Zao – ‘The Well-Intentioned Virus’

By James Lee

Legendary. It’s a word that carries a lot of weight, and one that often gets thrown around without real due cause. Plenty of artists over the years have been dubbed ‘legends’ simply by having been around for a long time, or for amassing a hefty back-catalogue. However, longevity alone should not be enough to merit the bearing of such a moniker – to truly be considered a ‘legendary’ act, there has to be something more to a legacy, something storied and almost mythical. As individuals and as musicians, there should be something indescribably special and unique that sets them apart from their peers. When Solid State Records released a ‘best-of’ Zao album in 2003, they chose to call it ‘Legendary’. That they were able to do this so unapologetically and without irony is testament to the power the band have exerted in their two decades laying waste to the heavy music scene. If any metalcore act has earned the right to be described in such reverent terms, it is Zao.

‘The Well-Intentioned Virus’ is an album many of us never thought would see the light of day. Zao’s entire history has been littered with extended hiatuses, turbulent line-up shifts and bitter breakups, so the notion of any new music from the band is always (and rightfully) met with intense appreciation and excitement, as it’s never really clear if this might be the last we ever hear of them. Zao surprised many last year by appearing out of the void with the ‘Xenophobe/Fear Itself’ 7”, the first release from the band’s new self-run label, Observed/Observer. Those two songs were the first we’d heard from the band since 2009’s ‘Awake?’, both immediately quelling any fears that Zao might have lost their touch in the years since they parted. The mere existence of the single immediately started furious whispers of a new full length record from the band, and here we are a little under a year and a half later with the fruit of those whispers.

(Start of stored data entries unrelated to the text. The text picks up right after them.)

definition psi_ser :: "int \<Rightarrow> mpoly fps" where
  "psi_ser t = Abs_fps (\<lambda>l. mconst (poly (psi l) (of_int t)))"

lemma psi_ser_plus_1: "psi_ser (t + 1) * (1 + of_int t * fps_X) = psi_ser t"
proof (rule fps_ext)
  fix N
  have "(psi_ser (t + 1) * (1 + of_int t * fps_X)) $ N = psi_ser (t + 1) $ N + of_int t * (fps_X * psi_ser (t + 1)) $ N"
    by (simp add: algebra_simps fps_of_int[symmetric])
  also have "\<dots> = psi_ser t $ N"
  proof (cases N)
    case (Suc l)
    have "poly (psi (Suc l)) (of_int t + 1) + of_int t * poly (psi l) (of_int t + 1) = poly (psi (Suc l)) (of_int t :: rat)"
      using poly_psi_Suc_diff[of l "of_int t"] by (simp add: algebra_simps)
    then have "mconst (poly (psi (Suc l)) (of_int t + 1)) + of_int t * mconst (poly (psi l) (of_int t + 1)) =
        mconst (poly (psi (Suc l)) (of_int t))"
      by (metis mconst_add mconst_mult mconst_of_int)
    then show ?thesis using Suc by (simp add: psi_ser_def)
  qed (simp add: psi_ser_def)
  finally show "(psi_ser (t + 1) * (1 + of_int t * fps_X)) $ N = psi_ser t $ N" .
qed

lemma psi_ser_0: "psi_ser 0 = 1"
  by (rule fps_ext) (simp add: psi_ser_def poly_psi_0)

text \<open>\<open>phi_ser t\<close> extends \<open>t \<mapsto> \<Prod>i<t. (1 + a(x) x\<^sup>2) / (1 + i x)\<close> to all integers \<open>t\<close>;
  then \<open>G = phi_ser j\<close> and \<open>H = phi_ser (1 - j)\<close>, and every coefficient of \<open>phi_ser t\<close> is a
  polynomial in \<open>t\<close>.\<close>

definition phi_ser :: "int \<Rightarrow> mpoly fps" where
  "phi_ser t = binom_ser t * psi_ser t"

lemma phi_ser_plus_1: "phi_ser (t + 1) * (1 + of_int t * fps_X) = phi_ser t * (1 + ax2)"
  by (simp add: phi_ser_def binom_ser_plus_1 mult.assoc psi_ser_plus_1)

lemma phi_ser_0: "phi_ser 0 = 1"
  by (simp add: phi_ser_def binom_ser_0 psi_ser_0)

lemma Gser_eq_phi_ser: "Gser j = phi_ser (int j)"
proof (induction j)
  case 0 then show ?case by (simp add: Gser_def phi_ser_0)
next
  case (Suc j)
  have inv: "(1 + of_nat j * fps_X) * fps_inv1 (1 + of_nat j * fps_X) = (1 :: mpoly fps)"
    by (rule fps_inv1_right) simp
  have "Gser (Suc j) = phi_ser (int j) * (1 + ax2) * fps_inv1 (1 + of_nat j * fps_X)"
    using Suc by (simp add: Gser_def ax2_def mult.assoc)
  also have "\<dots> = phi_ser (int j + 1) * ((1 + of_nat j * fps_X) * fps_inv1 (1 + of_nat j * fps_X))"
    using phi_ser_plus_1[of "int j"] by (simp add: mult.assoc)
  also have "\<dots> = phi_ser (int (Suc j))" using inv by (simp add: add.commute)
  finally show ?case .
qed
(* Let $n\ge 3$, $u>0$, and let $S=[A_0,\dots,A_n]$ be an $n$-simplex with $\|A_i-A_0\|^2=v_i$ for $1\le i\le n$ and $\|A_i-A_j\|^2=u$ for $1\le i<j\le n$. For $0\le j\le n$ let $S_j$ be the facet of $S$ obtained by removing the vertex $A_j$, and let $\mathcal{C}_j,\mathcal{D}_j$ be the Cayley–Menger and inner Cayley–Menger determinants of $S_j$. Put $\alpha=u+v_1+\cdots+v_n$ and $\beta=u^2+v_1^2+\cdots+v_n^2$. Then for $1\le j\le n$: $$\mathcal{C}_0=(-1)^n n u^{n-1},\qquad \mathcal{C}_j=(-u)^{n-3}\big[-\alpha^2+(n-1)\beta-nv_j^2+2\alpha v_j\big],$$ $$\mathcal{D}_0=(-1)^{n+1}u^n(n-1),$$ $$\mathcal{D}_j=(-u)^{n-2}\big[(n-2)\beta-\alpha^2+2\alpha u-(n-1)u^2-(n-1)v_j^2+2\alpha v_j-2uv_j\big].$$
   Context: For an $m$-simplex $T=[B_0,\dots,B_m]$ with $b_{i,j}=\|B_i-B_j\|^2$, the Cayley–Menger determinant is the $(m+2)\times(m+2)$ determinant with rows/columns indexed by $-1,0,\dots,m$, entries $0$ on the diagonal, $1$ in the rest of row $-1$ and column $-1$, and $b_{i,j}$ otherwise; the inner Cayley–Menger determinant is $\det(b_{i,j})_{0\le i,j\le m}$. *)

theory Defs
  imports "HOL-Analysis.Affine" "Jordan_Normal_Form.Determinant"
begin

text \<open>Cayley-Menger determinant of an m-simplex with vertices B 0, ..., B m.
  Row/column index 0 of the matrix corresponds to the index -1 of the paper,
  index k+1 corresponds to vertex B k.\<close>
definition cayley_menger :: "nat \<Rightarrow> (nat \<Rightarrow> 'a::real_normed_vector) \<Rightarrow> real" where
  "cayley_menger m B = det (mat (m+2) (m+2)
     (\<lambda>(i,j). if i = j then 0
              else if i = 0 \<or> j = 0 then 1
              else (norm (B (i-1) - B (j-1)))\<^sup>2))"
lemma cdf_emp_measure:
  "xs \<noteq> [] \<Longrightarrow> cdf (emp_measure xs) x = card {i. i < length xs \<and> xs ! i \<le> x} / length xs"
  unfolding cdf_def emp_measure_def
  by (subst measure_map_pmf, subst measure_pmf_of_set) (auto simp: Int_def)

lemma sorted_card_le_iff:
  assumes "sorted xs" "k < length xs"
  shows "card {i. i < length xs \<and> xs ! i \<le> x} \<le> k \<longleftrightarrow> x < xs ! k"
proof
  assume "card {i. i < length xs \<and> xs ! i \<le> x} \<le> k"
  moreover have "card {..k} \<le> card {i. i < length xs \<and> xs ! i \<le> x}" if "xs ! k \<le> x"
    using that assms sorted_nth_mono[OF assms(1)] by (intro card_mono) (auto intro: order_trans)
  ultimately show "x < xs ! k" by force
next
  assume "x < xs ! k"
  have "i < k" if "i < length xs" "xs ! i \<le> x" for i
    using sorted_nth_mono[OF assms(1), of k i] that \<open>x < xs ! k\<close> by (cases "k \<le> i") auto
  then have "{i. i < length xs \<and> xs ! i \<le> x} \<subseteq> {..<k}" by auto
  then show "card {i. i < length xs \<and> xs ! i \<le> x} \<le> k"
    by (metis card_lessThan card_mono finite_lessThan)
qed

lemma quantile_emp_measure:
  assumes "sorted xs" "xs \<noteq> []" "0 < t" "t < 1"
  shows "quantile (emp_measure xs) t = emp_quantile xs t"
proof -
  define n where "n = length xs"
  define k where "k = nat \<lfloor>real n * t\<rfloor>"
  have k: "k < n" using emp_quantile_index_less assms by (simp add: k_def n_def)
  have "cdf (emp_measure xs) x \<le> t \<longleftrightarrow> x < xs ! k" for x
  proof -
    have "cdf (emp_measure xs) x \<le> t \<longleftrightarrow> real (card {i. i < n \<and> xs ! i \<le> x}) \<le> real n * t"
      using assms(2) by (simp add: cdf_emp_measure n_def divide_le_eq mult.commute)
    also have "\<dots> \<longleftrightarrow> card {i. i < n \<and> xs ! i \<le> x} \<le> k"
      using mult_nonneg_nonneg[of "real n" t] assms(3) unfolding k_def by (intro iffI) linarith+
    finally show ?thesis using sorted_card_le_iff[OF assms(1)] k by (simp add: n_def)
  qed
  then have "{x. cdf (emp_measure xs) x \<le> t} = {..<xs ! k}" by auto
  then show ?thesis by (simp add: quantile_def emp_quantile_def k_def n_def)
qed

lemma (in cdf_distribution) integral_abs_emp_quantile_diff_le_wass_dist:
  assumes "1 \<le> r" "integrable M (\<lambda>x. \<bar>x\<bar> powr r)" "sorted xs" "xs \<noteq> []"
  shows "integrable lborel_01 (\<lambda>t. \<bar>emp_quantile xs t - quantile M t\<bar>)"
    and "integral\<^sup>L lborel_01 (\<lambda>t. \<bar>emp_quantile xs t - quantile M t\<bar>)
      \<le> wass_dist r (emp_measure xs) M"
proof -
  interpret U: prob_space lborel_01 by (rule prob_space_lborel_01)
  have "integrable lborel_01 (\<lambda>t. \<bar>quantile M t\<bar> powr r)"
    by (rule integrable_comp_quantile[OF _ assms(2)]) measurable
  note integrable = U.integrable_abs_diff_powr_if_bounded[OF assms(1) this
      borel_measurable_lborel_01_if_mono_on[OF mono_on_quantile]
      borel_measurable_lborel_01_if_mono_on[OF mono_on_emp_quantile[OF assms(3,4)]]
      abs_emp_quantile_le[OF assms(4)]]
  then show "integrable lborel_01 (\<lambda>t. \<bar>emp_quantile xs t - quantile M t\<bar>)" by simp
  have "wass_dist r (emp_measure xs) M
      = (integral\<^sup>L lborel_01 (\<lambda>t. \<bar>emp_quantile xs t - quantile M t\<bar> powr r)) powr (1 / r)"
    unfolding wass_dist_def set_integral_01_eq_integral_lborel_01
    by (intro arg_cong2[where f="(powr)"] Bochner_Integration.integral_cong)
       (simp_all add: quantile_emp_measure assms(3,4))
  then show "integral\<^sup>L lborel_01 (\<lambda>t. \<bar>emp_quantile xs t - quantile M t\<bar>)
      \<le> wass_dist r (emp_measure xs) M"
    using U.integral_le_integral_powr_root[OF assms(1) _ integrable(2,1)] by simp
qed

Not only is this the first Zao album in 7 years, it’s also the first since 2004’s groundbreaking ‘The Funeral Of God’ to feature long-time guitar player Russ Cogdell, back in his rightful place alongside the line-up that wrote and recorded both ‘Awake?’ and 2006’s ‘The Fear Is What Keeps Us Here’ – longtime members Dan Weyandt (vocals) and Scott Mellinger (guitar), along with Marty Lunn (bass) and Jeff Gretz (also of From Autumn To Ashes) on drums. It’s clear from the very first track, ‘The Weeping Vessel’, that Cogdell has slipped back into the band seamlessly, its ominous guitar intro giving way to rolling waves of colossal riffs that sit among some of the band’s best. Though the band’s last two records were strong and certainly worthy entries into their discography, Zao work better as a two-guitar band, Cogdell and Mellinger weaving around each other to create a dense tapestry of atmospherics that was lost a little with Mellinger as the sole six-stringer. Songs like ‘Jinba Ittai’ display scorching examples of the pair’s harmonic interplay, riffs stacking on top of each other to create powerful walls of sonic fury.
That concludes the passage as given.